(Beginning of Provided records)
(* For every permutation $\sigma$ and every Cayley permutation $y$, $$\mathcal{S}(\sigma)=\gamma\bigl(X[\sigma^{-1}]\bigr)\qquad\text{and}\qquad\gamma\bigl(X[y]\bigr)=\mathcal{S}\bigl(\gamma(y)\bigr).$$
   Context: A Cayley permutation of length $n$ is a word of positive integers in which every integer from $1$ to its maximum occurs. Containment $y\le x$: indices $i_1<\dots<i_k$ ($k$ the length of $y$) with $x(i_s)<x(i_t)\iff y(s)<y(t)$ and $x(i_s)=x(i_t)\iff y(s)=y(t)$; otherwise $x$ avoids $y$. $\mathcal{S}$ is the set of permutations, $\mathcal{S}(\tau)$ those avoiding $\tau$. For $x$ of length $n$, $\gamma(x)$ is the permutation obtained by sorting the pairs $(x(i),i)$ increasingly by first coordinate, ties by decreasing second coordinate, and reading the second coordinates; $\gamma(E)=\{\gamma(x):x\in E\}$. $x\sim y$ iff $\gamma(x)=\gamma(y)$, $[y]$ is the class of $y$, and $E[y]$ is the set of elements of $E$ avoiding every element of $[y]$. The map $\eta$: for $\pi\in\mathcal{S}_n$ and $i\in[n]$, let $J(i)=0$ if $\pi(i)=1$ and otherwise let $J(i)$ be the index with $\pi(J(i))=\pi(i)-1$. The sites of $\pi$ are the site before $\pi(1)$ and the site after $\pi(i)$ for each $i\in[n]$. The site before $\pi(1)$ is $\eta$-active; the site after $\pi(i)$ is $\eta$-active iff $J(i)<i$, or $i<n$ and $\pi(i)<\pi(i+1)$. Define $\tilde\upsilon(\pi)(j)$ to be the number of $\eta$-active sites to the left of $\pi(j)$ (so consecutive active sites are numbered $1,2,\dots$ and entries between active sites $k$ and $k+1$ get label $k$). Then $\eta(\pi)$ is the word of length $n$ with $\eta(\pi)(\pi(j))=\tilde\upsilon(\pi)(j)$ for all $j$, i.e. $\eta(\pi)=\tilde\upsilon(\pi)\circ\pi^{-1}$. Let $X=\eta(\mathcal{S})$. *)

theory Defs
  imports Main "HOL-Library.Product_Lexorder"
begin

(* Words are lists of naturals; position i (1-based in the paper) is list index i-1. *)

definition cayley :: "nat list \<Rightarrow> bool" where
  "cayley x \<longleftrightarrow> (\<forall>v\<in>set x. 1 \<le> v) \<and> (\<forall>k. 1 \<le> k \<and> k \<le> Max (insert 0 (set x)) \<longrightarrow> k \<in> set x)"

definition is_perm :: "nat list \<Rightarrow> bool" where
  "is_perm x \<longleftrightarrow> cayley x \<and> distinct x"

definition contains :: "nat list \<Rightarrow> nat list \<Rightarrow> bool" where
  "contains x y \<longleftrightarrow> (\<exists>idx :: nat list. length idx = length y \<and> sorted_wrt (<) idx
      \<and> (\<forall>i\<in>set idx. i < length x)
      \<and> (\<forall>s<length y. \<forall>t<length y.
            (x ! (idx ! s) < x ! (idx ! t) \<longleftrightarrow> y ! s < y ! t)
          \<and> (x ! (idx ! s) = x ! (idx ! t) \<longleftrightarrow> y ! s = y ! t)))"

definition avoids :: "nat list \<Rightarrow> nat list \<Rightarrow> bool" where
  "avoids x y \<longleftrightarrow> \<not> contains x y"

definition Av_perm :: "nat list \<Rightarrow> nat list set" where
  "Av_perm \<tau> = {\<pi>. is_perm \<pi> \<and> avoids \<pi> \<tau>}"

definition gamma :: "nat list \<Rightarrow> nat list" where
  "gamma x = map snd (sort_key (\<lambda>(v, i). (v, - int i)) (zip x [1..<Suc (length x)]))"

definition pos :: "nat list \<Rightarrow> nat \<Rightarrow> nat" where
  "pos \<pi> v = Suc (LEAST i. i < length \<pi> \<and> \<pi> ! i = v)"

definition inv_perm :: "nat list \<Rightarrow> nat list" where
  "inv_perm \<sigma> = map (pos \<sigma>) [1..<Suc (length \<sigma>)]"

definition etaJ :: "nat list \<Rightarrow> nat \<Rightarrow> nat" where
  "etaJ \<pi> i = (if \<pi> ! (i - 1) = 1 then 0 else pos \<pi> (\<pi> ! (i - 1) - 1))"

definition eta_active :: "nat list \<Rightarrow> nat \<Rightarrow> bool" where
  "eta_active \<pi> i \<longleftrightarrow> etaJ \<pi> i < i \<or> (i < length \<pi> \<and> \<pi> ! (i - 1) < \<pi> ! i)"

(* number of eta-active sites to the left of pi(j): the initial site plus active sites after pi(i), i<j *)
definition upsilon :: "nat list \<Rightarrow> nat \<Rightarrow> nat" where
  "upsilon \<pi> j = Suc (card {i. 1 \<le> i \<and> i < j \<and> eta_active \<pi> i})"

(* eta(pi)(pi(j)) = upsilon(pi)(j) *)
definition eta :: "nat list \<Rightarrow> nat list" where
  "eta \<pi> = map (\<lambda>k. upsilon \<pi> (pos \<pi> k)) [1..<Suc (length \<pi>)]"

definition Xset :: "nat list set" where
  "Xset = eta ` {\<pi>. is_perm \<pi>}"

definition cls :: "nat list \<Rightarrow> nat list set" where
  "cls y = {z. cayley z \<and> gamma z = gamma y}"

definition avoid_class :: "nat list set \<Rightarrow> nat list \<Rightarrow> nat list set" where
  "avoid_class E y = {x\<in>E. \<forall>z\<in>cls y. avoids x z}"

end

theory Submission
  imports Defs
begin
(* Let $G=(V,E,w)$ be an undirected graph with positive real edge weights, $s\in V$, $f\ge1$ an integer, and let $T$, $w'$, $H$ be as in the context. Let $F\subseteq E$ with $|F|\le f$, let $t\in V$ be reachable from $s$ in $G-F$, let $\pi$ be a shortest path from $s$ to $t$ in $G-F$ and $N$ the set of new edges of $\pi$. Let $M$ be a minimum spanning forest of $H-F$ with respect to $w'$, let $\pi'$ be the unique path from $s$ to $t$ in $M$, and let $N'$ be the set of new edges of $\pi'$. Then for every $e'\in N'$, $w'(e')\le \max_{e\in N} w'(e)$.
   Context: For a subgraph $X$ of $G$, $d_X(u,u')$ is the distance between $u,u'$ in $X$ with respect to $w$, and $d_X(u)=d_X(s,u)$. $T$ is a shortest-path tree of $G$ rooted at $s$. Define $w'(u,v)=0$ if $(u,v)\in E(T)$ and $w'(u,v)=d_T(u)+w(u,v)+d_T(v)$ otherwise; $G'=(V,E,w')$. Set $G_0=G'$; for $i=0,\dots,f$ let $M_i$ be the edge set of a minimum spanning forest of $G_i$ with respect to $w'$ and $G_{i+1}=G_i$ minus the edges of $M_i$. $H$ is the spanning subgraph of $G$ with edge set $\bigcup_{i=0}^f M_i$. $X-F$ denotes $X$ with the edges of $F$ removed. An edge is called new (with respect to $F$) if its endpoints lie in different connected components of the forest $T-F$. *)

theory Defs
  imports Complex_Main
begin

text \<open>Undirected simple graphs: edges are two-element vertex sets; an edge set X
  determines the subgraph (V, X). Paths are lists of distinct vertices.\<close>

definition is_walk :: "'a set set \<Rightarrow> 'a list \<Rightarrow> bool" where
  "is_walk X p \<longleftrightarrow> p \<noteq> [] \<and> (\<forall>i < length p - 1. {p ! i, p ! Suc i} \<in> X)"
(End of Provided records)
◆ Exercise description: Please transcribe each of the entries, exactly as written.

◆ Problem solution:
(* For every permutation $\sigma$ and every Cayley permutation $y$, $$\mathcal{S}(\sigma)=\gamma\bigl(X[\sigma^{-1}]\bigr)\qquad\text{and}\qquad\gamma\bigl(X[y]\bigr)=\mathcal{S}\bigl(\gamma(y)\bigr).$$
   Context: A Cayley permutation of length $n$ is a word of positive integers in which every integer from $1$ to its maximum occurs. Containment $y\le x$: indices $i_1<\dots<i_k$ ($k$ the length of $y$) with $x(i_s)<x(i_t)\iff y(s)<y(t)$ and $x(i_s)=x(i_t)\iff y(s)=y(t)$; otherwise $x$ avoids $y$. $\mathcal{S}$ is the set of permutations, $\mathcal{S}(\tau)$ those avoiding $\tau$. For $x$ of length $n$, $\gamma(x)$ is the permutation obtained by sorting the pairs $(x(i),i)$ increasingly by first coordinate, ties by decreasing second coordinate, and reading the second coordinates; $\gamma(E)=\{\gamma(x):x\in E\}$. $x\sim y$ iff $\gamma(x)=\gamma(y)$, $[y]$ is the class of $y$, and $E[y]$ is the set of elements of $E$ avoiding every element of $[y]$. The map $\eta$: for $\pi\in\mathcal{S}_n$ and $i\in[n]$, let $J(i)=0$ if $\pi(i)=1$ and otherwise let $J(i)$ be the index with $\pi(J(i))=\pi(i)-1$. The sites of $\pi$ are the site before $\pi(1)$ and the site after $\pi(i)$ for each $i\in[n]$. The site before $\pi(1)$ is $\eta$-active; the site after $\pi(i)$ is $\eta$-active iff $J(i)<i$, or $i<n$ and $\pi(i)<\pi(i+1)$. Define $\tilde\upsilon(\pi)(j)$ to be the number of $\eta$-active sites to the left of $\pi(j)$ (so consecutive active sites are numbered $1,2,\dots$ and entries between active sites $k$ and $k+1$ get label $k$). Then $\eta(\pi)$ is the word of length $n$ with $\eta(\pi)(\pi(j))=\tilde\upsilon(\pi)(j)$ for all $j$, i.e. $\eta(\pi)=\tilde\upsilon(\pi)\circ\pi^{-1}$. Let $X=\eta(\mathcal{S})$. *)

theory Defs
  imports Main "HOL-Library.Product_Lexorder"
begin

(* Words are lists of naturals; position i (1-based in the paper) is list index i-1. *)

definition cayley :: "nat list \<Rightarrow> bool" where
  "cayley x \<longleftrightarrow> (\<forall>v\<in>set x. 1 \<le> v) \<and> (\<forall>k. 1 \<le> k \<and> k \<le> Max (insert 0 (set x)) \<longrightarrow> k \<in> set x)"

definition is_perm :: "nat list \<Rightarrow> bool" where
  "is_perm x \<longleftrightarrow> cayley x \<and> distinct x"

definition contains :: "nat list \<Rightarrow> nat list \<Rightarrow> bool" where
  "contains x y \<longleftrightarrow> (\<exists>idx :: nat list. length idx = length y \<and> sorted_wrt (<) idx
      \<and> (\<forall>i\<in>set idx. i < length x)
      \<and> (\<forall>s<length y. \<forall>t<length y.
            (x ! (idx ! s) < x ! (idx ! t) \<longleftrightarrow> y ! s < y ! t)
          \<and> (x ! (idx ! s) = x ! (idx ! t) \<longleftrightarrow> y ! s = y ! t)))"

definition avoids :: "nat list \<Rightarrow> nat list \<Rightarrow> bool" where
  "avoids x y \<longleftrightarrow> \<not> contains x y"

definition Av_perm :: "nat list \<Rightarrow> nat list set" where
  "Av_perm \<tau> = {\<pi>. is_perm \<pi> \<and> avoids \<pi> \<tau>}"

definition gamma :: "nat list \<Rightarrow> nat list" where
  "gamma x = map snd (sort_key (\<lambda>(v, i). (v, - int i)) (zip x [1..<Suc (length x)]))"

definition pos :: "nat list \<Rightarrow> nat \<Rightarrow> nat" where
  "pos \<pi> v = Suc (LEAST i. i < length \<pi> \<and> \<pi> ! i = v)"

definition inv_perm :: "nat list \<Rightarrow> nat list" where
  "inv_perm \<sigma> = map (pos \<sigma>) [1..<Suc (length \<sigma>)]"

definition etaJ :: "nat list \<Rightarrow> nat \<Rightarrow> nat" where
  "etaJ \<pi> i = (if \<pi> ! (i - 1) = 1 then 0 else pos \<pi> (\<pi> ! (i - 1) - 1))"

definition eta_active :: "nat list \<Rightarrow> nat \<Rightarrow> bool" where
  "eta_active \<pi> i \<longleftrightarrow> etaJ \<pi> i < i \<or> (i < length \<pi> \<and> \<pi> ! (i - 1) < \<pi> ! i)"

(* number of eta-active sites to the left of pi(j): the initial site plus active sites after pi(i), i<j *)
definition upsilon :: "nat list \<Rightarrow> nat \<Rightarrow> nat" where
  "upsilon \<pi> j = Suc (card {i. 1 \<le> i \<and> i < j \<and> eta_active \<pi> i})"

(* eta(pi)(pi(j)) = upsilon(pi)(j) *)
definition eta :: "nat list \<Rightarrow> nat list" where
  "eta \<pi> = map (\<lambda>k. upsilon \<pi> (pos \<pi> k)) [1..<Suc (length \<pi>)]"

definition Xset :: "nat list set" where
  "Xset = eta ` {\<pi>. is_perm \<pi>}"

definition cls :: "nat list \<Rightarrow> nat list set" where
  "cls y = {z. cayley z \<and> gamma z = gamma y}"

definition avoid_class :: "nat list set \<Rightarrow> nat list \<Rightarrow> nat list set" where
  "avoid_class E y = {x\<in>E. \<forall>z\<in>cls y. avoids x z}"

end

theory Submission
  imports Defs
begin
(* Let $G=(V,E,w)$ be an undirected graph with positive real edge weights, $s\in V$, $f\ge1$ an integer, and let $T$, $w'$, $H$ be as in the context. Let $F\subseteq E$ with $|F|\le f$, let $t\in V$ be reachable from $s$ in $G-F$, let $\pi$ be a shortest path from $s$ to $t$ in $G-F$ and $N$ the set of new edges of $\pi$. Let $M$ be a minimum spanning forest of $H-F$ with respect to $w'$, let $\pi'$ be the unique path from $s$ to $t$ in $M$, and let $N'$ be the set of new edges of $\pi'$. Then for every $e'\in N'$, $w'(e')\le \max_{e\in N} w'(e)$.
   Context: For a subgraph $X$ of $G$, $d_X(u,u')$ is the distance between $u,u'$ in $X$ with respect to $w$, and $d_X(u)=d_X(s,u)$. $T$ is a shortest-path tree of $G$ rooted at $s$. Define $w'(u,v)=0$ if $(u,v)\in E(T)$ and $w'(u,v)=d_T(u)+w(u,v)+d_T(v)$ otherwise; $G'=(V,E,w')$. Set $G_0=G'$; for $i=0,\dots,f$ let $M_i$ be the edge set of a minimum spanning forest of $G_i$ with respect to $w'$ and $G_{i+1}=G_i$ minus the edges of $M_i$. $H$ is the spanning subgraph of $G$ with edge set $\bigcup_{i=0}^f M_i$. $X-F$ denotes $X$ with the edges of $F$ removed. An edge is called new (with respect to $F$) if its endpoints lie in different connected components of the forest $T-F$. *)

theory Defs
  imports Complex_Main
begin

text \<open>Undirected simple graphs: edges are two-element vertex sets; an edge set X
  determines the subgraph (V, X). Paths are lists of distinct vertices.\<close>

definition is_walk :: "'a set set \<Rightarrow> 'a list \<Rightarrow> bool" where
  "is_walk X p \<longleftrightarrow> p \<noteq> [] \<and> (\<forall>i < length p - 1. {p ! i, p ! Suc i} \<in> X)"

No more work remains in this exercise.